* What you need to do
Write out all of the entries, matching the original exactly.

* Records shown
+ + + + +

lemma coeff_support_iota_below:
  assumes S: "\<And>x. x \<in> Mc a \<Longrightarrow> coeff_support (\<iota> a x) \<subseteq> S" and "c \<le> a" "y \<in> Mc c"
  shows "coeff_support (\<iota> c y) \<subseteq> {g \<in> S. deg g \<le> c}"
  using S[OF phi_mem[OF assms(2,3)]] iota_phi[OF assms(2,3)] deg_le_if_coeff_support_iota[OF assms(3)]
  by auto

lemma zero_if_iota_degrees_in_zero_component:
  assumes "d \<le> c" and "Mc d = {0}" and "y \<in> Mc c"
    and deg_le: "\<And>g. g \<in> coeff_support (\<iota> c y) \<Longrightarrow> deg g \<le> d"
  shows "y = 0"
proof -
  have in_Fd: "\<iota> c y \<in> free_comp G deg d"
    using iota_mem[OF assms(3)] deg_le by (auto simp: free_comp_def coeff_support_def)
  have "y = phi d c (\<pi> d (\<iota> c y))"
    using pi_phi[OF assms(1) in_Fd] pi_iota[OF assms(3)] by simp
  also have "\<pi> d (\<iota> c y) = 0"
    using pi_mem[OF in_Fd] assms(2) by blast
  finally show "y = 0"
    using phi_zero[OF assms(1)] by simp
qed

end

lemma graded_summand_exists_minimal_support_below:
  fixes Mc :: "'p::semilattice_sup \<Rightarrow> 'm::ab_group_add set"
  assumes "graded_summand sc Mc phi G deg \<iota> \<pi>"
    and "finite B" and "module.span sc B = Mc a" and "Mc a \<noteq> {0}"
  shows "\<exists>m. minimal_in {i. Mc i \<noteq> {0}} m \<and> m \<le> a"
proof -
  interpret graded_summand sc Mc phi G deg \<iota> \<pi> by fact
  obtain S where "finite S" and S: "\<And>x. x \<in> Mc a \<Longrightarrow> coeff_support (\<iota> a x) \<subseteq> S"
    using finitely_generated_imp_finite_coeff_support[OF assms(2,3)] by blast
  show ?thesis
  proof (rule exists_minimal_below_finite_degrees[OF \<open>finite S\<close>])
    show "a \<in> {i. Mc i \<noteq> {0}}"
      using assms(4) by simp
  next
    fix c
    assume "c \<in> {i. Mc i \<noteq> {0}}" and "c \<le> a"
    let ?below = "{g \<in> S. deg g \<le> c}"
    have below: "coeff_support (\<iota> c x) \<subseteq> ?below" if "x \<in> Mc c" for x
      using coeff_support_iota_below[OF S \<open>c \<le> a\<close> that] .
    obtain y where y: "y \<in> Mc c" "y \<noteq> 0"
      using \<open>c \<in> {i. Mc i \<noteq> {0}}\<close> zero_mem by blast
    then have "coeff_support (\<iota> c y) \<noteq> {}"
      using iota_eq_zero_imp by (force simp: coeff_support_def)
    then have ne: "?below \<noteq> {}"
      using below[OF y(1)] by blast
    have fin: "finite ?below"
      using \<open>finite S\<close> by simp
    have "Sup_fin (deg ` ?below) \<le> c"
      using fin ne by (auto intro!: Sup_fin.boundedI)
    moreover have "deg g \<le> Sup_fin (deg ` ?below)" if "x \<in> Mc c" "g \<in> coeff_support (\<iota> c x)" for g x
      using below that fin by (blast intro: Sup_fin.coboundedI)
    ultimately have "Mc (Sup_fin (deg ` ?below)) \<noteq> {0}"
      using zero_if_iota_degrees_in_zero_component y by blast
    with ne show "?below \<noteq> {} \<and> Sup_fin (deg ` ?below) \<in> {i. Mc i \<noteq> {0}}"
      by simp
  qed
qed

theorem lemma5p1:
  fixes sc :: "'r::idom \<Rightarrow> 'm::ab_group_add \<Rightarrow> 'm"
    and Mc :: "'p::{lattice, ordered_ab_group_add} \<Rightarrow> 'm set"
    and phi :: "'p \<Rightarrow> 'p \<Rightarrow> 'm \<Rightarrow> 'm"
    and Ob :: "'p set"
  assumes "pid TYPE('r)"
    and "\<exists>a\<in>Ob. \<forall>x\<in>Ob. x \<le> a \<longrightarrow> \<not> minimal_in Ob x"
    and "persistence_module sc Mc phi"
    and "\<forall>i\<in>Ob. free_finite_rank sc (Mc i) \<and> Mc i \<noteq> {0}"
    and "\<forall>i. i \<notin> Ob \<longrightarrow> Mc i = {0}"
  shows "\<not> graded_projective TYPE('g) sc Mc phi"
proof
  assume "graded_projective TYPE('g) sc Mc phi"
  with assms(3) obtain G :: "'g set" and deg \<iota> \<pi> where summand: "graded_summand sc Mc phi G deg \<iota> \<pi>"
    using graded_projective_imp_graded_summand by blast
  obtain a where "a \<in> Ob" and no_minimal: "\<forall>x\<in>Ob. x \<le> a \<longrightarrow> \<not> minimal_in Ob x"
    using assms(2) by blast
  then have "free_finite_rank sc (Mc a)" and "Mc a \<noteq> {0}"
    using assms(4) by simp_all
  then obtain B where "finite B" and "module.span sc B = Mc a"
    unfolding free_finite_rank_def by (elim exE conjE)
  have "Ob = {i. Mc i \<noteq> {0}}"
    using assms(4,5) by blast
  then obtain m where "minimal_in Ob m" "m \<le> a"
    using graded_summand_exists_minimal_support_below[OF summand \<open>finite B\<close>]
      \<open>module.span sc B = Mc a\<close> \<open>Mc a \<noteq> {0}\<close> by blast
  then show False
    using no_minimal by (meson minimal_in_def)
qed

end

+ + + + +

* Response area
lemma coeff_support_iota_below:
  assumes S: "\<And>x. x \<in> Mc a \<Longrightarrow> coeff_support (\<iota> a x) \<subseteq> S" and "c \<le> a" "y \<in> Mc c"
  shows "coeff_support (\<iota> c y) \<subseteq> {g \<in> S. deg g \<le> c}"
  using S[OF phi_mem[OF assms(2,3)]] iota_phi[OF assms(2,3)] deg_le_if_coeff_support_iota[OF assms(3)]
  by auto

lemma zero_if_iota_degrees_in_zero_component:
  assumes "d \<le> c" and "Mc d = {0}" and "y \<in> Mc c"
    and deg_le: "\<And>g. g \<in> coeff_support (\<iota> c y) \<Longrightarrow> deg g \<le> d"
  shows "y = 0"
proof -
  have in_Fd: "\<iota> c y \<in> free_comp G deg d"
    using iota_mem[OF assms(3)] deg_le by (auto simp: free_comp_def coeff_support_def)
  have "y = phi d c (\<pi> d (\<iota> c y))"
    using pi_phi[OF assms(1) in_Fd] pi_iota[OF assms(3)] by simp
  also have "\<pi> d (\<iota> c y) = 0"
    using pi_mem[OF in_Fd] assms(2) by blast
  finally show "y = 0"
    using phi_zero[OF assms(1)] by simp
qed

end

lemma graded_summand_exists_minimal_support_below:
  fixes Mc :: "'p::semilattice_sup \<Rightarrow> 'm::ab_group_add set"
  assumes "graded_summand sc Mc phi G deg \<iota> \<pi>"
    and "finite B" and "module.span sc B = Mc a" and "Mc a \<noteq> {0}"
  shows "\<exists>m. minimal_in {i. Mc i \<noteq> {0}} m \<and> m \<le> a"
proof -
  interpret graded_summand sc Mc phi G deg \<iota> \<pi> by fact
  obtain S where "finite S" and S: "\<And>x. x \<in> Mc a \<Longrightarrow> coeff_support (\<iota> a x) \<subseteq> S"
    using finitely_generated_imp_finite_coeff_support[OF assms(2,3)] by blast
  show ?thesis
  proof (rule exists_minimal_below_finite_degrees[OF \<open>finite S\<close>])
    show "a \<in> {i. Mc i \<noteq> {0}}"
      using assms(4) by simp
  next
    fix c
    assume "c \<in> {i. Mc i \<noteq> {0}}" and "c \<le> a"
    let ?below = "{g \<in> S. deg g \<le> c}"
    have below: "coeff_support (\<iota> c x) \<subseteq> ?below" if "x \<in> Mc c" for x
      using coeff_support_iota_below[OF S \<open>c \<le> a\<close> that] .
    obtain y where y: "y \<in> Mc c" "y \<noteq> 0"
      using \<open>c \<in> {i. Mc i \<noteq> {0}}\<close> zero_mem by blast
    then have "coeff_support (\<iota> c y) \<noteq> {}"
      using iota_eq_zero_imp by (force simp: coeff_support_def)
    then have ne: "?below \<noteq> {}"
      using below[OF y(1)] by blast
    have fin: "finite ?below"
      using \<open>finite S\<close> by simp
    have "Sup_fin (deg ` ?below) \<le> c"
      using fin ne by (auto intro!: Sup_fin.boundedI)
    moreover have "deg g \<le> Sup_fin (deg ` ?below)" if "x \<in> Mc c" "g \<in> coeff_support (\<iota> c x)" for g x
      using below that fin by (blast intro: Sup_fin.coboundedI)
    ultimately have "Mc (Sup_fin (deg ` ?below)) \<noteq> {0}"
      using zero_if_iota_degrees_in_zero_component y by blast
    with ne show "?below \<noteq> {} \<and> Sup_fin (deg ` ?below) \<in> {i. Mc i \<noteq> {0}}"
      by simp
  qed
qed

theorem lemma5p1:
  fixes sc :: "'r::idom \<Rightarrow> 'm::ab_group_add \<Rightarrow> 'm"
    and Mc :: "'p::{lattice, ordered_ab_group_add} \<Rightarrow> 'm set"
    and phi :: "'p \<Rightarrow> 'p \<Rightarrow> 'm \<Rightarrow> 'm"
    and Ob :: "'p set"
  assumes "pid TYPE('r)"
    and "\<exists>a\<in>Ob. \<forall>x\<in>Ob. x \<le> a \<longrightarrow> \<not> minimal_in Ob x"
    and "persistence_module sc Mc phi"
    and "\<forall>i\<in>Ob. free_finite_rank sc (Mc i) \<and> Mc i \<noteq> {0}"
    and "\<forall>i. i \<notin> Ob \<longrightarrow> Mc i = {0}"
  shows "\<not> graded_projective TYPE('g) sc Mc phi"
proof
  assume "graded_projective TYPE('g) sc Mc phi"
  with assms(3) obtain G :: "'g set" and deg \<iota> \<pi> where summand: "graded_summand sc Mc phi G deg \<iota> \<pi>"
    using graded_projective_imp_graded_summand by blast
  obtain a where "a \<in> Ob" and no_minimal: "\<forall>x\<in>Ob. x \<le> a \<longrightarrow> \<not> minimal_in Ob x"
    using assms(2) by blast
  then have "free_finite_rank sc (Mc a)" and "Mc a \<noteq> {0}"
    using assms(4) by simp_all
  then obtain B where "finite B" and "module.span sc B = Mc a"
    unfolding free_finite_rank_def by (elim exE conjE)
  have "Ob = {i. Mc i \<noteq> {0}}"
    using assms(4,5) by blast
  then obtain m where "minimal_in Ob m" "m \<le> a"
    using graded_summand_exists_minimal_support_below[OF summand \<open>finite B\<close>]
      \<open>module.span sc B = Mc a\<close> \<open>Mc a \<noteq> {0}\<close> by blast
  then show False
    using no_minimal by (meson minimal_in_def)
qed

end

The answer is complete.